━━━━━ Supplied material ━━━━━

lemma trans_subset_states_above:
  assumes "rpoNFA A" "q \<in> states A" "a \<in> alph A" "trans A q a \<noteq> {q}"
  shows "trans A q a \<subseteq> states_above A q"
proof
  fix p assume p: "p \<in> trans A q a"
  have "is_nfa A" using assms(1) by (simp add: rpoNFA_def poNFA_def)
  with p assms(2,3) have "p \<in> states A" unfolding is_nfa_def by blast
  moreover have "p \<noteq> q"
    using p assms unfolding rpoNFA_def by blast
  moreover have "reach A q p"
    unfolding reach_def using p assms(3) by (intro bexI[of _ "[a]"]) auto
  ultimately show "p \<in> states_above A q" by (simp add: states_above_def)
qed

lemma card_states_above_less:
  assumes "poNFA A" "q \<in> states A" "p \<in> states_above A q"
  shows "card (states_above A p) < card (states_above A q)"
proof (rule psubset_card_mono)
  show "finite (states_above A q)" using assms(1) by (simp add: poNFA_def finite_states_above)
  have "p \<in> states A" "p \<noteq> q" "reach A q p" using assms(3) by (auto simp: states_above_def)
  with assms(1,2) have "states_above A p \<subseteq> states_above A q"
    unfolding states_above_def poNFA_def by blast
  moreover have "p \<notin> states_above A p" by (simp add: states_above_def)
  ultimately show "states_above A p \<subset> states_above A q" using assms(3) by blast
qed

text \<open>At most d \<le> N states lie above q, each of weight at most (N+1)^(d-1),
  where N = card (states A) and d = card (states_above A q).\<close>
lemma sum_weight_states_above_less:
  assumes "poNFA A" "q \<in> states A"
  shows "sum (weight A) (states_above A q) < weight A q"
proof (cases "states_above A q = {}")
  case True
  then show ?thesis by (simp add: weight_def)
next
  case False
  define N where "N = card (states A)"
  define d where "d = card (states_above A q)"
  have fin: "finite (states A)" "finite (states_above A q)"
    using assms(1) by (simp_all add: poNFA_def is_nfa_def finite_states_above)
  with False have "d > 0" by (simp add: d_def card_gt_0_iff)
  have "d \<le> N" unfolding d_def N_def using fin by (intro card_mono) (auto simp: states_above_def)
  have "weight A p \<le> (N + 1) ^ (d - 1)" if "p \<in> states_above A q" for p
    using card_states_above_less[OF assms that] unfolding weight_def N_def d_def
    by (intro power_increasing) auto
  then have "sum (weight A) (states_above A q) \<le> d * (N + 1) ^ (d - 1)"
    using sum_bounded_above[of "states_above A q" "weight A"] by (simp add: d_def)
  also have "\<dots> < (N + 1) * (N + 1) ^ (d - 1)"
    using \<open>d \<le> N\<close> by (intro mult_strict_right_mono) auto
  also have "\<dots> = weight A q"
    using \<open>d > 0\<close> by (simp add: weight_def N_def d_def power_eq_if)
  finally show ?thesis .
qed

lemma sum_UN_le_nat:
  fixes f :: "'b \<Rightarrow> nat"
  assumes "finite I" "\<And>i. i \<in> I \<Longrightarrow> finite (B i)"
  shows "sum f (\<Union>i\<in>I. B i) \<le> (\<Sum>i\<in>I. sum f (B i))"
  using assms
proof (induction I rule: finite_induct)
  case (insert x F)
  have "sum f (\<Union>i\<in>insert x F. B i) \<le> sum f (B x) + sum f (\<Union>i\<in>F. B i)"
    using sum_Un_nat[of "B x" "\<Union>i\<in>F. B i" f] insert by auto
  also have "\<dots> \<le> sum f (B x) + (\<Sum>i\<in>F. sum f (B i))"
    using insert by simp
  finally show ?case using insert by simp
qed simp

definition moving_states :: "('q, 'a) nfa \<Rightarrow> 'q set \<Rightarrow> 'a \<Rightarrow> 'q set" where
  "moving_states A S a = {q \<in> S. trans A q a \<noteq> {q}}"

lemma nfa_step_subset_states_above:
  assumes "rpoNFA A" "S \<subseteq> states A" "a \<in> alph A"
  shows "nfa_step A S a \<subseteq> (S - moving_states A S a) \<union> (\<Union>q\<in>moving_states A S a. states_above A q)"
proof
  fix p assume "p \<in> nfa_step A S a"
  then obtain q where q: "q \<in> S" "p \<in> trans A q a" by (auto simp: nfa_step_def)
  show "p \<in> (S - moving_states A S a) \<union> (\<Union>q\<in>moving_states A S a. states_above A q)"
  proof (cases "q \<in> moving_states A S a")
    case True
    then have "q \<in> states A" "trans A q a \<noteq> {q}" using assms(2) by (auto simp: moving_states_def)
    from trans_subset_states_above[OF assms(1) this(1) assms(3) this(2)] q(2) True show ?thesis
      by blast
  next
    case False
    with q show ?thesis by (auto simp: moving_states_def)
  qed
qed

lemma moving_states_nonempty: "nfa_step A S a \<noteq> S \<Longrightarrow> moving_states A S a \<noteq> {}"
proof
  assume "moving_states A S a = {}"
  then have "nfa_step A S a = (\<Union>q\<in>S. {q})"
    unfolding nfa_step_def moving_states_def by (intro SUP_cong) auto
  moreover assume "nfa_step A S a \<noteq> S"
  ultimately show False by simp
qed

text \<open>A set-changing step replaces the moving states by states strictly above them.\<close>
lemma potential_nfa_step_less:
  assumes "rpoNFA A" "S \<subseteq> states A" "a \<in> alph A" "nfa_step A S a \<noteq> S"
  shows "potential A (nfa_step A S a) < potential A S"
proof -
  have po: "poNFA A" using assms(1) by (simp add: rpoNFA_def)
  then have nfa: "is_nfa A" by (simp add: poNFA_def)
  define X where "X = moving_states A S a"
  have "finite S" using assms(2) nfa by (simp add: is_nfa_def finite_subset)
  then have fin: "finite S" "finite X" "finite (\<Union>x\<in>X. states_above A x)"
    using nfa by (simp_all add: X_def moving_states_def finite_states_above)
  have "potential A (nfa_step A S a) \<le> sum (weight A) ((S - X) \<union> (\<Union>x\<in>X. states_above A x))"
    unfolding potential_def X_def using nfa_step_subset_states_above[OF assms(1-3)] fin
    by (intro sum_mono2) (simp_all add: X_def)
  also have "\<dots> \<le> sum (weight A) (S - X) + sum (weight A) (\<Union>x\<in>X. states_above A x)"
    using sum_Un_nat[of "S - X" "\<Union>x\<in>X. states_above A x" "weight A"] fin by simp
  also have "\<dots> \<le> sum (weight A) (S - X) + (\<Sum>x\<in>X. sum (weight A) (states_above A x))"
    using fin nfa by (simp add: sum_UN_le_nat finite_states_above)
  also have "\<dots> < sum (weight A) (S - X) + sum (weight A) X"
  proof -
    have "(\<Sum>x\<in>X. sum (weight A) (states_above A x)) < sum (weight A) X"
      using fin(2) moving_states_nonempty[OF assms(4)] unfolding X_def
    proof (rule sum_strict_mono)
      show "sum (weight A) (states_above A x) < weight A x" if "x \<in> moving_states A S a" for x
        using that assms(2) sum_weight_states_above_less[OF po] by (auto simp: moving_states_def)
    qed
    then show ?thesis by simp
  qed
  also have "\<dots> = potential A S"
    unfolding potential_def by (rule sum.subset_diff[symmetric]) (auto simp: X_def moving_states_def fin)
  finally show ?thesis .
qed

lemma exit_count_le_potential:
  assumes "rpoNFA A" "S \<subseteq> states A" "w \<in> lists (alph A)"
  shows "exit_count A S w \<le> potential A S"
  using assms(2,3)
proof (induction w arbitrary: S)
  case Nil
  then show ?case by simp
next
  case (Cons a w)
  have "is_nfa A" using assms(1) by (simp add: rpoNFA_def poNFA_def)
  with Cons.prems have "nfa_step A S a \<subseteq> states A"
    unfolding is_nfa_def nfa_step_def by fastforce
  with Cons.prems Cons.IH have IH: "exit_count A (nfa_step A S a) w \<le> potential A (nfa_step A S a)"
    by simp
  show ?case
  proof (cases "nfa_step A S a = S")
    case True
    with IH show ?thesis by simp
  next
    case False
    with IH potential_nfa_step_less[OF assms(1) Cons.prems(1) _ False] Cons.prems(2)
    show ?thesis by simp
  qed
qed

lemma lang_subset_rexp_eq_steps:
  assumes "rpoNFA A" "S \<subseteq> states A" "potential A S < n"
  shows "lang (subset_rexp A n S) = {w \<in> lists (alph A). steps A S w \<inter> final A \<noteq> {}}"
proof -
  have "finite (alph A)" using assms(1) by (simp add: rpoNFA_def poNFA_def is_nfa_def)
  moreover from this have "lang (subset_rexp A n S) \<subseteq> lists (alph A)"
    using lang_subset_lists_atoms atoms_subset_rexp by (metis lists_mono subset_trans)
  ultimately show ?thesis
    using lang_subset_rexp exit_count_le_potential[OF assms(1,2)] assms(3)
    by (fastforce intro: le_less_trans)
qed

theorem theorem12:
  fixes A :: "('q, 'a) nfa"
  assumes "rpoNFA A"
  shows "DRE_definable (alph A) (nfa_lang A)"
proof -
  have nfa: "is_nfa A" using assms by (simp add: rpoNFA_def poNFA_def)
  then have fin: "finite (alph A)" and init: "init A \<subseteq> states A"
    by (simp_all add: is_nfa_def)
  define r where "r = subset_rexp A (Suc (potential A (init A))) (init A)"
  have "atoms r \<subseteq> alph A"
    unfolding r_def using fin by (rule atoms_subset_rexp)
  moreover have "deterministic r"
    unfolding deterministic_iff_deterministic_lang mark_def r_def
    using fin by (rule deterministic_lang_mark_subset_rexp)
  moreover have "lang r = nfa_lang A"
    unfolding r_def nfa_lang_def by (rule lang_subset_rexp_eq_steps[OF assms init]) simp
  ultimately show ?thesis unfolding DRE_definable_def by blast
qed

end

━━━━━

**What is required**: Display each line of the data where "from" occurs.

**Answer space**:
    from trans_subset_states_above[OF assms(1) this(1) assms(3) this(2)] q(2) True show ?thesis
  moreover from this have "lang (subset_rexp A n S) \<subseteq> lists (alph A)"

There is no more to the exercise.